(Stored data entries)
=== Begin Enclosure ===

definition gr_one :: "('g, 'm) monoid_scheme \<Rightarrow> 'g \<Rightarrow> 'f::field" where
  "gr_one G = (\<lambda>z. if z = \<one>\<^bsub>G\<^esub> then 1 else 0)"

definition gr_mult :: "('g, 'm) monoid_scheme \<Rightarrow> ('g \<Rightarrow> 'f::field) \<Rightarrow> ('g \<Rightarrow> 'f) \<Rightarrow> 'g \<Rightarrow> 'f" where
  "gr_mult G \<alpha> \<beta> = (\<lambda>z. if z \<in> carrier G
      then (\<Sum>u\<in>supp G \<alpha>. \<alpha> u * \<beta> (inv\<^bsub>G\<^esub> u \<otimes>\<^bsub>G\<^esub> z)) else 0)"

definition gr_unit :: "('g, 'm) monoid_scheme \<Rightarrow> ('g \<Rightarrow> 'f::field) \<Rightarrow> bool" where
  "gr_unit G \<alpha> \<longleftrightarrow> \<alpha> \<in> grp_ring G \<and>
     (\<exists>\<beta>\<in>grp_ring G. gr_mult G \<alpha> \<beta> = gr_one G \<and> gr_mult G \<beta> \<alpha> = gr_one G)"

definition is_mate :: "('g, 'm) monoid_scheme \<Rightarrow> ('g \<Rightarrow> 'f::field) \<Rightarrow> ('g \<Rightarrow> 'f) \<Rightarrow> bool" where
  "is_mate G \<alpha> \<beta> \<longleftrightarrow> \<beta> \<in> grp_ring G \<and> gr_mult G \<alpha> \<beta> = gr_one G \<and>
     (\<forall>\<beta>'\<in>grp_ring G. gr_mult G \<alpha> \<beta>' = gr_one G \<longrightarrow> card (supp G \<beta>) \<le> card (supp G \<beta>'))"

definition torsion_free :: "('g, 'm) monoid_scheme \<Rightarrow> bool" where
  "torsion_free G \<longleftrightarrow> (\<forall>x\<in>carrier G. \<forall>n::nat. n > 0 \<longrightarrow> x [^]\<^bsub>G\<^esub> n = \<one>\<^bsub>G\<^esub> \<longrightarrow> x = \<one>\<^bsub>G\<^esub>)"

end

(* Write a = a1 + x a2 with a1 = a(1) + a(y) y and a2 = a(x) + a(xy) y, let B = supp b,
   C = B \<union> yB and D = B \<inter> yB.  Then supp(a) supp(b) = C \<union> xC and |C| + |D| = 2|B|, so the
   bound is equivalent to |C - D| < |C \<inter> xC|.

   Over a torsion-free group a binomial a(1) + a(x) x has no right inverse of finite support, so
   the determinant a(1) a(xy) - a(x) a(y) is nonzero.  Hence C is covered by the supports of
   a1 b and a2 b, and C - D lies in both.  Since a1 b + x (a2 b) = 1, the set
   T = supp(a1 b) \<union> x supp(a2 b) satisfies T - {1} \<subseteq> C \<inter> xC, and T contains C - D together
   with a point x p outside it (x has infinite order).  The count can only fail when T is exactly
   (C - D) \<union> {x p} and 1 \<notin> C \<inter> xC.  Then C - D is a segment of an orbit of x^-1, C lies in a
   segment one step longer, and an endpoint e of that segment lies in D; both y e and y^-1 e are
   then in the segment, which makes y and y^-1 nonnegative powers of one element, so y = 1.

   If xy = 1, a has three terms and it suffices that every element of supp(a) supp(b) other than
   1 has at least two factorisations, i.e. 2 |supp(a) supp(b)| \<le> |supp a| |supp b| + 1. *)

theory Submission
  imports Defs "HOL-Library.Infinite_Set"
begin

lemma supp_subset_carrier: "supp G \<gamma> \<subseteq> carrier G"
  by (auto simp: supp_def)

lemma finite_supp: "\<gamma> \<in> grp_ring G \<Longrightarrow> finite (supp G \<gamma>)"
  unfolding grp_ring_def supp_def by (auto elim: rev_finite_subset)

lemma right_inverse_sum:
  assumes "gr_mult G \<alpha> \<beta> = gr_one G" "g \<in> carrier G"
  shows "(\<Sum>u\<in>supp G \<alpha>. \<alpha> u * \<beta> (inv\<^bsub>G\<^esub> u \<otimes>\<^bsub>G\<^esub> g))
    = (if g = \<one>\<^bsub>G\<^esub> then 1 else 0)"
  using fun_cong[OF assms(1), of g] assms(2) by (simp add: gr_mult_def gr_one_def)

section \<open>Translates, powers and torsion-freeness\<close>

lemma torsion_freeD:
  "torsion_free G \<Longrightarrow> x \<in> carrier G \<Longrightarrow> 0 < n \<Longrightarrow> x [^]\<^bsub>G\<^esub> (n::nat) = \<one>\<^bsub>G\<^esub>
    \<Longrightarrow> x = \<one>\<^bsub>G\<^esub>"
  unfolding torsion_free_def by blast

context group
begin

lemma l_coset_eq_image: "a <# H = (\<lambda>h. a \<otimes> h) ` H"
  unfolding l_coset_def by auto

=== End Enclosure ===

[ACTIVITY] Nothing in the records should change when you repeat them all.

[RESPONSE TO THE EXERCISE]
definition gr_one :: "('g, 'm) monoid_scheme \<Rightarrow> 'g \<Rightarrow> 'f::field" where
  "gr_one G = (\<lambda>z. if z = \<one>\<^bsub>G\<^esub> then 1 else 0)"

definition gr_mult :: "('g, 'm) monoid_scheme \<Rightarrow> ('g \<Rightarrow> 'f::field) \<Rightarrow> ('g \<Rightarrow> 'f) \<Rightarrow> 'g \<Rightarrow> 'f" where
  "gr_mult G \<alpha> \<beta> = (\<lambda>z. if z \<in> carrier G
      then (\<Sum>u\<in>supp G \<alpha>. \<alpha> u * \<beta> (inv\<^bsub>G\<^esub> u \<otimes>\<^bsub>G\<^esub> z)) else 0)"

definition gr_unit :: "('g, 'm) monoid_scheme \<Rightarrow> ('g \<Rightarrow> 'f::field) \<Rightarrow> bool" where
  "gr_unit G \<alpha> \<longleftrightarrow> \<alpha> \<in> grp_ring G \<and>
     (\<exists>\<beta>\<in>grp_ring G. gr_mult G \<alpha> \<beta> = gr_one G \<and> gr_mult G \<beta> \<alpha> = gr_one G)"

definition is_mate :: "('g, 'm) monoid_scheme \<Rightarrow> ('g \<Rightarrow> 'f::field) \<Rightarrow> ('g \<Rightarrow> 'f) \<Rightarrow> bool" where
  "is_mate G \<alpha> \<beta> \<longleftrightarrow> \<beta> \<in> grp_ring G \<and> gr_mult G \<alpha> \<beta> = gr_one G \<and>
     (\<forall>\<beta>'\<in>grp_ring G. gr_mult G \<alpha> \<beta>' = gr_one G \<longrightarrow> card (supp G \<beta>) \<le> card (supp G \<beta>'))"

definition torsion_free :: "('g, 'm) monoid_scheme \<Rightarrow> bool" where
  "torsion_free G \<longleftrightarrow> (\<forall>x\<in>carrier G. \<forall>n::nat. n > 0 \<longrightarrow> x [^]\<^bsub>G\<^esub> n = \<one>\<^bsub>G\<^esub> \<longrightarrow> x = \<one>\<^bsub>G\<^esub>)"

end

(* Write a = a1 + x a2 with a1 = a(1) + a(y) y and a2 = a(x) + a(xy) y, let B = supp b,
   C = B \<union> yB and D = B \<inter> yB.  Then supp(a) supp(b) = C \<union> xC and |C| + |D| = 2|B|, so the
   bound is equivalent to |C - D| < |C \<inter> xC|.

   Over a torsion-free group a binomial a(1) + a(x) x has no right inverse of finite support, so
   the determinant a(1) a(xy) - a(x) a(y) is nonzero.  Hence C is covered by the supports of
   a1 b and a2 b, and C - D lies in both.  Since a1 b + x (a2 b) = 1, the set
   T = supp(a1 b) \<union> x supp(a2 b) satisfies T - {1} \<subseteq> C \<inter> xC, and T contains C - D together
   with a point x p outside it (x has infinite order).  The count can only fail when T is exactly
   (C - D) \<union> {x p} and 1 \<notin> C \<inter> xC.  Then C - D is a segment of an orbit of x^-1, C lies in a
   segment one step longer, and an endpoint e of that segment lies in D; both y e and y^-1 e are
   then in the segment, which makes y and y^-1 nonnegative powers of one element, so y = 1.

   If xy = 1, a has three terms and it suffices that every element of supp(a) supp(b) other than
   1 has at least two factorisations, i.e. 2 |supp(a) supp(b)| \<le> |supp a| |supp b| + 1. *)

theory Submission
  imports Defs "HOL-Library.Infinite_Set"
begin

lemma supp_subset_carrier: "supp G \<gamma> \<subseteq> carrier G"
  by (auto simp: supp_def)

lemma finite_supp: "\<gamma> \<in> grp_ring G \<Longrightarrow> finite (supp G \<gamma>)"
  unfolding grp_ring_def supp_def by (auto elim: rev_finite_subset)

lemma right_inverse_sum:
  assumes "gr_mult G \<alpha> \<beta> = gr_one G" "g \<in> carrier G"
  shows "(\<Sum>u\<in>supp G \<alpha>. \<alpha> u * \<beta> (inv\<^bsub>G\<^esub> u \<otimes>\<^bsub>G\<^esub> g))
    = (if g = \<one>\<^bsub>G\<^esub> then 1 else 0)"
  using fun_cong[OF assms(1), of g] assms(2) by (simp add: gr_mult_def gr_one_def)

section \<open>Translates, powers and torsion-freeness\<close>

lemma torsion_freeD:
  "torsion_free G \<Longrightarrow> x \<in> carrier G \<Longrightarrow> 0 < n \<Longrightarrow> x [^]\<^bsub>G\<^esub> (n::nat) = \<one>\<^bsub>G\<^esub>
    \<Longrightarrow> x = \<one>\<^bsub>G\<^esub>"
  unfolding torsion_free_def by blast

context group
begin

lemma l_coset_eq_image: "a <# H = (\<lambda>h. a \<otimes> h) ` H"
  unfolding l_coset_def by auto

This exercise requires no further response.